## Problem description
Restate word for word the entries below, starting with the line with "Q c z ((s, e)" and continuing through the line with "text \<open>Profinite completion". Include both of those lines and no others.

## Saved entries
□ □ □

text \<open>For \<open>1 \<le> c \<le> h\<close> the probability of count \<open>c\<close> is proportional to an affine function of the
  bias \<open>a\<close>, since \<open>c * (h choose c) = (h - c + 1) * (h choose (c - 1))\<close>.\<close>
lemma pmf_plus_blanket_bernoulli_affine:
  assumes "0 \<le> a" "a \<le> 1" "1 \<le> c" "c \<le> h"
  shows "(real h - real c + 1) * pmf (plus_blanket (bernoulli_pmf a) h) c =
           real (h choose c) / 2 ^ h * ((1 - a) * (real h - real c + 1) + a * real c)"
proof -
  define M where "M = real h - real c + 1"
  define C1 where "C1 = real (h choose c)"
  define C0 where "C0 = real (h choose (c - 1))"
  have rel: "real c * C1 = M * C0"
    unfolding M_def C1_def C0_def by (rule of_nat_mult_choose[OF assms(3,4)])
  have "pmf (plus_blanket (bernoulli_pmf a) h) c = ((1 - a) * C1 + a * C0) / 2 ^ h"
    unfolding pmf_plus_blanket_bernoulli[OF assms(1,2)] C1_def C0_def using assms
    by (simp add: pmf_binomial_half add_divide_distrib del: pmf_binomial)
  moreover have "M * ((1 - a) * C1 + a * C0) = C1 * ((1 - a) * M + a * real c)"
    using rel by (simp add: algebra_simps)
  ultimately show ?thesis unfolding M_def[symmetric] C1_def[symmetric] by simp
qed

□ □ □

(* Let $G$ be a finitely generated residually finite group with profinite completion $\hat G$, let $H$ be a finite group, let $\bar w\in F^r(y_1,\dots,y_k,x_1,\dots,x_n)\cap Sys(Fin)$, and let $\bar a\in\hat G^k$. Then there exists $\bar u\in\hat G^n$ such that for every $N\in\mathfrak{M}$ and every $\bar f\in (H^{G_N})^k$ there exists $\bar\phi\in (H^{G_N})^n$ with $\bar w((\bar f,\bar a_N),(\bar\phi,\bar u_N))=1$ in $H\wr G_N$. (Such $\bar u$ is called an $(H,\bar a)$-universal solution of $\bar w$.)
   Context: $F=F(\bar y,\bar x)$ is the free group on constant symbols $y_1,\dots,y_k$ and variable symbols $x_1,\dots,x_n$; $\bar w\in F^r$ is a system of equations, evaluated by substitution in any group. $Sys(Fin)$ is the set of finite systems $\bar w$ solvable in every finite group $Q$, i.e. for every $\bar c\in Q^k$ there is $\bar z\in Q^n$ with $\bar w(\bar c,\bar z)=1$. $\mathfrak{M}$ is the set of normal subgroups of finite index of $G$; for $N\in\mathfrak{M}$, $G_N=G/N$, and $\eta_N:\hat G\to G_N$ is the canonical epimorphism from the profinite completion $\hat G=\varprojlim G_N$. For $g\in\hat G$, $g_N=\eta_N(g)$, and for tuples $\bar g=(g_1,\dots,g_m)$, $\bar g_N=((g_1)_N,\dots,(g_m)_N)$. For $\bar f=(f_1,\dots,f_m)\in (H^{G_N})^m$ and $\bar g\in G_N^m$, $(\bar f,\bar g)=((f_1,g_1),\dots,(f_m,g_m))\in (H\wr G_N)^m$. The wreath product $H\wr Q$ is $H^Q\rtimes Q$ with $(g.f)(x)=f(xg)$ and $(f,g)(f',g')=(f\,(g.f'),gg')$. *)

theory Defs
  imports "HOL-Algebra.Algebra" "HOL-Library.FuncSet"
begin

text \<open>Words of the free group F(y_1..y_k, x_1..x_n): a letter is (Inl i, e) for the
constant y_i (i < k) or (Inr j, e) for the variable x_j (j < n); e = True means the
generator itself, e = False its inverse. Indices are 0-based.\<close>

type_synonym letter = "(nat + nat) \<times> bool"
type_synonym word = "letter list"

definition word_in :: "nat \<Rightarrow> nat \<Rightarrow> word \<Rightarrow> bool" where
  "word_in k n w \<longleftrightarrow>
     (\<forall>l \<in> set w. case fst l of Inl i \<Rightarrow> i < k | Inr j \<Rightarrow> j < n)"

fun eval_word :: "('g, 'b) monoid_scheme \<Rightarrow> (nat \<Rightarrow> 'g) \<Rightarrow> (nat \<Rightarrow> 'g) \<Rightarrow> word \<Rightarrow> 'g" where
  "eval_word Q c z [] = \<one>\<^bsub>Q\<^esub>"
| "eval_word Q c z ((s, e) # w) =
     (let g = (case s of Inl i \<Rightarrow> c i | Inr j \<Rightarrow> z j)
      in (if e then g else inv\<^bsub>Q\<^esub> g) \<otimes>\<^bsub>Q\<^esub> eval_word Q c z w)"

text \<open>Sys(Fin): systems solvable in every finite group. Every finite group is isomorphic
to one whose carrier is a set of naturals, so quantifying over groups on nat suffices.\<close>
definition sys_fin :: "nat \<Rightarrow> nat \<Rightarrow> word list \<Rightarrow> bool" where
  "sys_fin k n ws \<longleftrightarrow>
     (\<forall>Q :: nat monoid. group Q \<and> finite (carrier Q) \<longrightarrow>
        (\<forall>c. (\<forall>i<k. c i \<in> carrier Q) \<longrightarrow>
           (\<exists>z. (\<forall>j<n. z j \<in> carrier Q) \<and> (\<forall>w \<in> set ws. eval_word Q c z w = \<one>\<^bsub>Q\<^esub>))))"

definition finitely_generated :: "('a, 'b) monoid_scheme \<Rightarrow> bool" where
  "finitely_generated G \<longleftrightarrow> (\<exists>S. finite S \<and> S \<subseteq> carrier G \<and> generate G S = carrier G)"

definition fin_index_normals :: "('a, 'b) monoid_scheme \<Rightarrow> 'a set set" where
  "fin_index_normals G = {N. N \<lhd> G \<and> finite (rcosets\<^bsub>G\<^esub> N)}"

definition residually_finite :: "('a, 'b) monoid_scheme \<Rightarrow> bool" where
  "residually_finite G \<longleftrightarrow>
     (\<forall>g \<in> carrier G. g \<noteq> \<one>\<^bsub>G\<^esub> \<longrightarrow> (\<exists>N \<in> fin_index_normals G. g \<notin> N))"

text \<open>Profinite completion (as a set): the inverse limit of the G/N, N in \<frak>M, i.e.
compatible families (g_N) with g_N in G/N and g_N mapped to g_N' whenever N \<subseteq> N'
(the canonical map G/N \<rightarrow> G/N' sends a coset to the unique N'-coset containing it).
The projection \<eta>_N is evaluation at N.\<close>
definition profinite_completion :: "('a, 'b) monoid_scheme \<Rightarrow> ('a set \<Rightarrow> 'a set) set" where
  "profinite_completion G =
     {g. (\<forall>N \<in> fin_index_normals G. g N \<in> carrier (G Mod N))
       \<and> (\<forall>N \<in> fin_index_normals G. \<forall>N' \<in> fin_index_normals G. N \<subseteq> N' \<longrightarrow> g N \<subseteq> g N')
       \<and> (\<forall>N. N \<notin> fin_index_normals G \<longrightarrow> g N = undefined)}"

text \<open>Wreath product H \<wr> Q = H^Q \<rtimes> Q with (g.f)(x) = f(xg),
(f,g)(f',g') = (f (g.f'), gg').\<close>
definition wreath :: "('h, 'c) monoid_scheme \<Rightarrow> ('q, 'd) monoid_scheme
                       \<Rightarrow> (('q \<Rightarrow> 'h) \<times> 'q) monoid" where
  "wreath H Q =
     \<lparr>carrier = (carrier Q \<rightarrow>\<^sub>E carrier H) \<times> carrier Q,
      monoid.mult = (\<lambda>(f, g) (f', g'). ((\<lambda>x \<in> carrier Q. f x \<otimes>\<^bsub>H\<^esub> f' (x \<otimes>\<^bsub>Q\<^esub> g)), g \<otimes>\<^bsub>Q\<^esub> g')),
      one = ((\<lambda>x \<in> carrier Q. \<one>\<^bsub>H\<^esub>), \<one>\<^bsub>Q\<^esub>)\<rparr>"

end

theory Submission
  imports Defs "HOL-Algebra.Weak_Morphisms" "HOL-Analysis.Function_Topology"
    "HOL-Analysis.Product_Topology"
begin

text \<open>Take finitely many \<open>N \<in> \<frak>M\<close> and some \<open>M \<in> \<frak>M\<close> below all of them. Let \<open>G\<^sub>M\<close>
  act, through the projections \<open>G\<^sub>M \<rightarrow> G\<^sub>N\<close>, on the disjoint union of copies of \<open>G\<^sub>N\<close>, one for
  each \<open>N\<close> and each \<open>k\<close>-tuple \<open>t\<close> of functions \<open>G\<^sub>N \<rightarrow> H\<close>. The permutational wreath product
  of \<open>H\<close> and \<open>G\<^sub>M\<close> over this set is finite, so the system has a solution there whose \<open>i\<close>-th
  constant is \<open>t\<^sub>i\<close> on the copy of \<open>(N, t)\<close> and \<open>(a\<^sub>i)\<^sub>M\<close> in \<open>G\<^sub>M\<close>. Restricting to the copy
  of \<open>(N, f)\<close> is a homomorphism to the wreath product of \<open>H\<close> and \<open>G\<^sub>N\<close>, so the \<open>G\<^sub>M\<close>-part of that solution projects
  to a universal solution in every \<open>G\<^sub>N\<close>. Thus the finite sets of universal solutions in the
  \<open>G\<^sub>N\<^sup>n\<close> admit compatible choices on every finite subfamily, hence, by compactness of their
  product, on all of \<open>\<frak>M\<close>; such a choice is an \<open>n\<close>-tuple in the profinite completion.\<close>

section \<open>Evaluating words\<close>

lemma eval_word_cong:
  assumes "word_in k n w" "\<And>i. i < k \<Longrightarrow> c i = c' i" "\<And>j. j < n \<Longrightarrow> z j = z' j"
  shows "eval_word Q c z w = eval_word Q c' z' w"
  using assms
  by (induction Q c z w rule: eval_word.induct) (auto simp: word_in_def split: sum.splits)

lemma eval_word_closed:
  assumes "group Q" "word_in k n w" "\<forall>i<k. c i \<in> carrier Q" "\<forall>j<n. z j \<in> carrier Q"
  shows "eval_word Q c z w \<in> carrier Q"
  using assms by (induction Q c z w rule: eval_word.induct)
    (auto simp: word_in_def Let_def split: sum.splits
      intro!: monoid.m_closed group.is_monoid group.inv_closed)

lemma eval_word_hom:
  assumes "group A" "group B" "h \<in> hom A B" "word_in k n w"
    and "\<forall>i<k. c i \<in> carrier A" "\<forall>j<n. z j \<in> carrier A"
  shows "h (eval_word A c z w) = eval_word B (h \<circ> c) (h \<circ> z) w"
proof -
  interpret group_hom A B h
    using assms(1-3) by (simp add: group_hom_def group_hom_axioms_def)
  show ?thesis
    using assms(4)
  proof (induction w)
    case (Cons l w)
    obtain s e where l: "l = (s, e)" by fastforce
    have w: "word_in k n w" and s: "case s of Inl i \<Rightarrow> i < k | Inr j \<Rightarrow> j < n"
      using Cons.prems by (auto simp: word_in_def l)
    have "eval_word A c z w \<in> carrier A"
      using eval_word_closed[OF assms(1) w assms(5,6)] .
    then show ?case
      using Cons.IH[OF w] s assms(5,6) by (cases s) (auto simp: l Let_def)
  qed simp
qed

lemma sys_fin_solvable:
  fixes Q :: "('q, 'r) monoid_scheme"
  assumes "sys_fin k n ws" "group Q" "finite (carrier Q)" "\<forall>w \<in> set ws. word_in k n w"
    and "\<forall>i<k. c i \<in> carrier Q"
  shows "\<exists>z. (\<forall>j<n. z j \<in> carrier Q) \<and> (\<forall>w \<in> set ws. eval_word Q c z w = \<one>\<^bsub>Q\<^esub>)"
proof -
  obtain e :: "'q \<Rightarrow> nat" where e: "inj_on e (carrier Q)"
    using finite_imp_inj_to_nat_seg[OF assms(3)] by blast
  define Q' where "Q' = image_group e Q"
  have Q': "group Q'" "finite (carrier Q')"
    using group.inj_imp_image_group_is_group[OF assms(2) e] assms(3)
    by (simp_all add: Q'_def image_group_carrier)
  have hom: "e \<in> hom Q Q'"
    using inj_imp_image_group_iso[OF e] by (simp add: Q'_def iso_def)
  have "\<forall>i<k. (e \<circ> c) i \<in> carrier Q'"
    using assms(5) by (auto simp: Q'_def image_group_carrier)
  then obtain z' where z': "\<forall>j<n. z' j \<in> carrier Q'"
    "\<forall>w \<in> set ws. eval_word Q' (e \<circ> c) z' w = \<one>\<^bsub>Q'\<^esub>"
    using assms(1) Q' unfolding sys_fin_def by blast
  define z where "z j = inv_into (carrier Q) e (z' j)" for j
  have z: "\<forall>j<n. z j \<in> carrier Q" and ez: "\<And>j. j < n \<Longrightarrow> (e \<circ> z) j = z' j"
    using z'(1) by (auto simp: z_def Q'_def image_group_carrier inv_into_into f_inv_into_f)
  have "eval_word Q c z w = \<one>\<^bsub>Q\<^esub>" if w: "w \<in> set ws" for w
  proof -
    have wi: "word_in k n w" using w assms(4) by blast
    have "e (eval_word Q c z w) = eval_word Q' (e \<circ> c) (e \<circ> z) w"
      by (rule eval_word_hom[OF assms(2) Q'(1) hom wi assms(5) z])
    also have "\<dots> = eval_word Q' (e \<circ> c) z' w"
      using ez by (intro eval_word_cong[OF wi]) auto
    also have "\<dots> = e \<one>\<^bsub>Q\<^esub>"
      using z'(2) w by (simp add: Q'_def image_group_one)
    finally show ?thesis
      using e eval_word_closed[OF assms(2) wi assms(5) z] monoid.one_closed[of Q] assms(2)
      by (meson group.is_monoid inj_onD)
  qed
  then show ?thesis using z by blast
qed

□ □ □

## Answer section
| "eval_word Q c z ((s, e) # w) =
     (let g = (case s of Inl i \<Rightarrow> c i | Inr j \<Rightarrow> z j)
      in (if e then g else inv\<^bsub>Q\<^esub> g) \<otimes>\<^bsub>Q\<^esub> eval_word Q c z w)"

text \<open>Sys(Fin): systems solvable in every finite group. Every finite group is isomorphic
to one whose carrier is a set of naturals, so quantifying over groups on nat suffices.\<close>
definition sys_fin :: "nat \<Rightarrow> nat \<Rightarrow> word list \<Rightarrow> bool" where
  "sys_fin k n ws \<longleftrightarrow>
     (\<forall>Q :: nat monoid. group Q \<and> finite (carrier Q) \<longrightarrow>
        (\<forall>c. (\<forall>i<k. c i \<in> carrier Q) \<longrightarrow>
           (\<exists>z. (\<forall>j<n. z j \<in> carrier Q) \<and> (\<forall>w \<in> set ws. eval_word Q c z w = \<one>\<^bsub>Q\<^esub>))))"

definition finitely_generated :: "('a, 'b) monoid_scheme \<Rightarrow> bool" where
  "finitely_generated G \<longleftrightarrow> (\<exists>S. finite S \<and> S \<subseteq> carrier G \<and> generate G S = carrier G)"

definition fin_index_normals :: "('a, 'b) monoid_scheme \<Rightarrow> 'a set set" where
  "fin_index_normals G = {N. N \<lhd> G \<and> finite (rcosets\<^bsub>G\<^esub> N)}"

definition residually_finite :: "('a, 'b) monoid_scheme \<Rightarrow> bool" where
  "residually_finite G \<longleftrightarrow>
     (\<forall>g \<in> carrier G. g \<noteq> \<one>\<^bsub>G\<^esub> \<longrightarrow> (\<exists>N \<in> fin_index_normals G. g \<notin> N))"

text \<open>Profinite completion (as a set): the inverse limit of the G/N, N in \<frak>M, i.e.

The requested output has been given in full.